Evangelicals

New podcast: Those Southern Baptist sex-abuse battles are not just about Southern Baptists

New podcast: Those Southern Baptist sex-abuse battles are not just about Southern Baptists

The Southern Baptist Convention’s ongoing fights about how to handle sexual-abuse claims against ministers and other church personnel and volunteers is a perfect example of the kind of story that drives newspaper editors crazy.

It’s big and complicated and it seems like something crazy or important (or both) happens every other day. But it also seems like it’s impossible to yank a big, dramatic headline out of this sprawling, complicated story.

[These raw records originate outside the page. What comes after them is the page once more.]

lemma restr_0 [simp]: "restr f 0 = []"
  by (simp add: restr_def)

lemma restr_Suc [simp]: "restr f (Suc n) = restr f n @ [f n]"
  by (simp add: restr_def)

lemma restr_eq_iff: "restr f n = restr g n \<longleftrightarrow> (\<forall>j<n. f j = g j)"
  by (auto simp: restr_def)

definition cylinder :: "nat list \<Rightarrow> (nat \<Rightarrow> nat) set" where
  "cylinder s = {y. restr y (length s) = s}"

lemma mem_cylinder: "y \<in> cylinder s \<longleftrightarrow> (\<forall>j<length s. y j = s ! j)"
  by (auto simp: cylinder_def list_eq_iff_nth_eq)

lemma eventually_nhds_eq_discrete:
  fixes g :: "'a::topological_space \<Rightarrow> 'b::discrete_topology"
  assumes "continuous_on UNIV g"
  shows "eventually (\<lambda>y. g y = g x) (nhds x)"
proof -
  have "open (g -` {g x})"
    using open_discrete assms by (rule open_vimage)
  then show ?thesis
    unfolding eventually_nhds by blast
qed

lemma eventually_nhds_restr_eq:
  fixes g :: "'a::topological_space \<Rightarrow> nat \<Rightarrow> nat"
  assumes "continuous_on UNIV g"
  shows "eventually (\<lambda>y. restr (g y) n = restr (g x) n) (nhds x)"
proof -
  have "eventually (\<lambda>y. g y j = g x j) (nhds x)" for j
    using eventually_nhds_eq_discrete[OF continuous_on_product_then_coordinatewise[OF assms]] .
  then have "eventually (\<lambda>y. \<forall>j\<in>{..<n}. g y j = g x j) (nhds x)"
    by (intro eventually_ball_finite) auto
  then show ?thesis
    by (rule eventually_mono) (simp add: restr_eq_iff)
qed

lemma continuous_on_locally_constant:
  fixes h :: "'a::topological_space \<Rightarrow> 'b::topological_space"
  assumes "\<And>x. eventually (\<lambda>y. h y = h x) (nhds x)"
  shows "continuous_on UNIV h"
  unfolding continuous_on_topological
proof (intro ballI allI impI)
  fix x B assume "open B" "h x \<in> B"
  obtain A where A: "open A" "x \<in> A" "\<forall>y\<in>A. h y = h x"
    using assms[of x] unfolding eventually_nhds by blast
  then have "\<forall>y\<in>UNIV. y \<in> A \<longrightarrow> h y \<in> B"
    using \<open>h x \<in> B\<close> by metis
  with A(1,2) show "\<exists>A. open A \<and> x \<in> A \<and> (\<forall>y\<in>UNIV. y \<in> A \<longrightarrow> h y \<in> B)"
    by blast
qed

lemma continuous_on_finitely_determined:
  fixes h :: "(nat \<Rightarrow> nat) \<Rightarrow> nat \<Rightarrow> 'b::topological_space"
  assumes "\<And>i. \<exists>n. \<forall>x y. restr y n = restr x n \<longrightarrow> h y i = h x i"
  shows "continuous_on UNIV h"
proof (intro continuous_on_coordinatewise_then_product continuous_on_locally_constant)
  fix i x
  obtain n where n: "\<forall>x y. restr y n = restr x n \<longrightarrow> h y i = h x i"
    using assms by blast
  have "eventually (\<lambda>y. restr y n = restr x n) (nhds x)"
    using eventually_nhds_restr_eq[OF continuous_on_id] by simp
  then show "eventually (\<lambda>y. h y i = h x i) (nhds x)"
    by (rule eventually_mono) (use n in blast)
qed

lemma open_contains_cylinder:
  assumes "open U" "x \<in> U"
  shows "\<exists>n. cylinder (restr x n) \<subseteq> U"
proof -
  from product_topology_open_contains_basis[of "\<lambda>i. euclidean" UNIV U x] assms
  obtain X where X: "x \<in> (\<Pi>\<^sub>E i\<in>UNIV. X i)" "finite {i. X i \<noteq> topspace euclidean}"
      "(\<Pi>\<^sub>E i\<in>UNIV. X i) \<subseteq> U"
    unfolding open_fun_def by blast
  then obtain n where n: "\<And>i. X i \<noteq> UNIV \<Longrightarrow> i < n"
    using finite_nat_set_iff_bounded by auto
  have "cylinder (restr x n) \<subseteq> (\<Pi>\<^sub>E i\<in>UNIV. X i)"
  proof
    fix y assume "y \<in> cylinder (restr x n)"
    then have "\<forall>j<n. y j = x j"
      by (simp add: cylinder_def restr_eq_iff)
    with X(1) n show "y \<in> (\<Pi>\<^sub>E i\<in>UNIV. X i)"
      by (auto simp: PiE_iff) (metis UNIV_I not_less)
  qed
  with X(3) show ?thesis
    by blast
qed

lemma closed_cylinder: "closed (cylinder s)"
proof -
  have "cylinder s = (\<Inter>j<length s. {y. y j = s ! j})"
    by (auto simp: mem_cylinder)
  moreover have "closed {y::nat \<Rightarrow> nat. y j = s ! j}" for j
    by (intro closed_Collect_eq continuous_on_product_coordinates continuous_on_const)
  ultimately show ?thesis
    by auto
qed

section \<open>Analytic sets\<close>

lemma analytic_continuous_image:
  fixes h :: "'a::topological_space \<Rightarrow> 'b::topological_space"
  assumes "analytic A" "continuous_on UNIV h"
  shows "analytic (h ` A)"
proof (cases "A = {}")
  case False
  then obtain g :: "(nat \<Rightarrow> nat) \<Rightarrow> 'a" where g: "continuous_on UNIV g" "range g = A"
    using assms(1) unfolding analytic_def by blast
  have "continuous_on UNIV (h \<circ> g)"
    using g(1) assms(2) by (rule continuous_on_compose[OF _ continuous_on_subset]) simp
  moreover have "range (h \<circ> g) = h ` A"
    by (simp flip: g(2) add: image_image)
  ultimately show ?thesis
    unfolding analytic_def by blast
qed (simp add: analytic_def)

lemma continuous_on_indexed_by_head:
  fixes G :: "nat \<Rightarrow> (nat \<Rightarrow> nat) \<Rightarrow> 'a::topological_space"
  assumes "\<And>n. continuous_on UNIV (G n)"
  shows "continuous_on UNIV (\<lambda>y. G (y 0) (\<lambda>m. y (Suc m)))"
  unfolding continuous_on_topological
proof (intro ballI allI impI)
  fix x B assume "open B" "G (x 0) (\<lambda>m. x (Suc m)) \<in> B"
  let ?U = "(\<lambda>y. G (x 0) (\<lambda>m. y (Suc m))) -` B \<inter> (\<lambda>y. y 0) -` {x 0}"
  have "continuous_on UNIV (\<lambda>y::nat \<Rightarrow> nat. \<lambda>m. y (Suc m))"
    by (intro continuous_on_coordinatewise_then_product continuous_on_product_coordinates)
  then have "continuous_on UNIV (\<lambda>y::nat \<Rightarrow> nat. G (x 0) (\<lambda>m. y (Suc m)))"
    by (rule continuous_on_compose2[OF assms]) simp
  then have "open ?U"
    using \<open>open B\<close> by (intro open_Int open_vimage open_discrete continuous_on_product_coordinates)
  moreover have "x \<in> ?U" "\<forall>y\<in>UNIV. y \<in> ?U \<longrightarrow> G (y 0) (\<lambda>m. y (Suc m)) \<in> B"
    using \<open>G (x 0) (\<lambda>m. x (Suc m)) \<in> B\<close> by auto
  ultimately show "\<exists>A. open A \<and> x \<in> A \<and> (\<forall>y\<in>UNIV. y \<in> A \<longrightarrow> G (y 0) (\<lambda>m. y (Suc m)) \<in> B)"
    by blast
qed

The story never seems to end and the amount of background material needed — in story after story after story — makes it impossible to cover this stuff in tidy 500-word stories. But if a newsroom skips a few of the major developments, that makes it even harder to get back in the game and explain to readers what is happening. Oh, and did I mention that newsroom managers pretty much have to assign a reporter to this story full-time or near full-time? That’s expensive in this day and age. Obviously, this reporter has to have religion-beat experience and speak fluent Southern Baptist.

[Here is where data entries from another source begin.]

lemma tens_mult:
  assumes a: "a \<in> carrier_mat n m" and b: "b \<in> carrier_mat m k"
    and s: "s \<in> carrier_mat 2 2" and t: "t \<in> carrier_mat 2 2"
  shows "tens a s * tens b t = tens (a*b) (s*t)"
proof (rule eq_matI)
  fix i j assume i: "i < dim_row (tens (a*b) (s*t))" and j: "j < dim_col (tens (a*b) (s*t))"
  have blocks: "i div 2 < n" "i mod 2 < 2" "j div 2 < k" "j mod 2 < 2"
    using i j a b by auto
  have "(tens a s * tens b t) $$ (i,j) = (\<Sum>l<2*m. tens a s $$ (i,l) * tens b t $$ (l,j))"
    using i j a b by (simp add: scalar_prod_def atLeast0LessThan sum.reindex)
  also have "\<dots> = (\<Sum>q<m. a $$ (i div 2, q) * s $$ (i mod 2, 0) * (b $$ (q, j div 2) * t $$ (0, j mod 2))
        + a $$ (i div 2, q) * s $$ (i mod 2, 1) * (b $$ (q, j div 2) * t $$ (1, j mod 2)))"
    unfolding sum_lessThan_double using i j a b by (intro sum.cong refl) auto
  also have "\<dots> = (\<Sum>q<m. a $$ (i div 2, q) * b $$ (q, j div 2)) *
       (s $$ (i mod 2, 0) * t $$ (0, j mod 2) + s $$ (i mod 2, 1) * t $$ (1, j mod 2))"
    by (simp add: sum_distrib_left sum_distrib_right distrib_left distrib_right sum.distrib
        mult.assoc mult.left_commute)
  also have "\<dots> = tens (a*b) (s*t) $$ (i,j)"
    using i j a b s t blocks by (simp add: scalar_prod_def atLeast0LessThan numeral_2_eq_2 lessThan_Suc)
  finally show "(tens a s * tens b t) $$ (i,j) = tens (a*b) (s*t) $$ (i,j)" .
qed (use a b in auto)

lemma tens_uminus: "tens (-a) s = - tens a s"
  by (rule eq_matI) auto

lemma tens_zero: "tens (0\<^sub>m n m) s = 0\<^sub>m (2*n) (2*m)"
  by (rule eq_matI) auto

lemma sigma_carrier [simp]: "sigma k \<in> carrier_mat 2 2"
  unfolding sigma_def pauli_def by auto

lemma sigma_dim [simp]: "dim_row (sigma k) = 2" "dim_col (sigma k) = 2"
  unfolding sigma_def pauli_def by auto

lemma sigma_entries:
  "sigma 1 $$ (0,0) = 0" "sigma 2 $$ (0,0) = 0" "sigma 3 $$ (0,0) = \<i>"
  "sigma 1 $$ (0,1) = \<i>" "sigma 2 $$ (0,1) = 1" "sigma 3 $$ (0,1) = 0"
  "sigma 1 $$ (1,0) = \<i>" "sigma 2 $$ (1,0) = -1" "sigma 3 $$ (1,0) = 0"
  unfolding sigma_def pauli_def by auto

lemma rep_carrier [simp]: "a \<in> carrier_mat n n \<Longrightarrow> rep a \<in> carrier_mat (2*n) (2*n)"
  unfolding rep_def by auto

lemma rep_mult: "a \<in> carrier_mat n n \<Longrightarrow> b \<in> carrier_mat n n \<Longrightarrow> rep (a*b) = rep a * rep b"
  unfolding rep_def by (subst tens_mult) auto

lemma rep_uminus: "rep (-a) = - rep a"
  unfolding rep_def by (rule tens_uminus)

lemma rep_one: "rep (1\<^sub>m n) = 1\<^sub>m (2*n)"
proof (rule eq_matI)
  fix i j assume "i < dim_row (1\<^sub>m (2*n) :: complex mat)" "j < dim_col (1\<^sub>m (2*n) :: complex mat)"
  moreover have "(i div 2 = j div 2 \<and> i mod 2 = j mod 2) = (i = j)"
    by (metis div_mult_mod_eq)
  ultimately show "rep (1\<^sub>m n) $$ (i, j) = (1\<^sub>m (2*n) :: complex mat) $$ (i, j)"
    unfolding rep_def by (auto simp del: One_nat_def)
qed (auto simp: rep_def)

At the same time, in my experience, there will almost always be one or two editors who say (or think) something like this: “I know the SBC is huge and there are billions of dollars involved and we have lots of Southern Baptist churches (and maybe a college) in our news territory, but … I don’t ‘get’ why this story really matters to average readers. I mean, it’s not about sports or politics or something important (to me).”

As a Charlotte editor once told me, when I was poised to break a national-level SBC story in the early 1980s: Nobody reads this stuff but fanatics and every time you write about it we get too many letters to the editor.

This brings us to this week’s “Crossroads” podcast, which focuses on why the SBC’s struggles with sexual-abuse are important, and NOT just to Southern Baptists (click here to tune that in). The key is to identify major stories LINKED to sexual-abuse scandals that involve ethical, moral, legal and theological issues that can be seen in religious groups of all kinds (and many secular nonprofits and organizations as well). To illustrate this, let me tell you a story about an important evangelical counseling pioneer — the late Dr. Louis McBurney, founder of the Marble Retreat Center in Colorado.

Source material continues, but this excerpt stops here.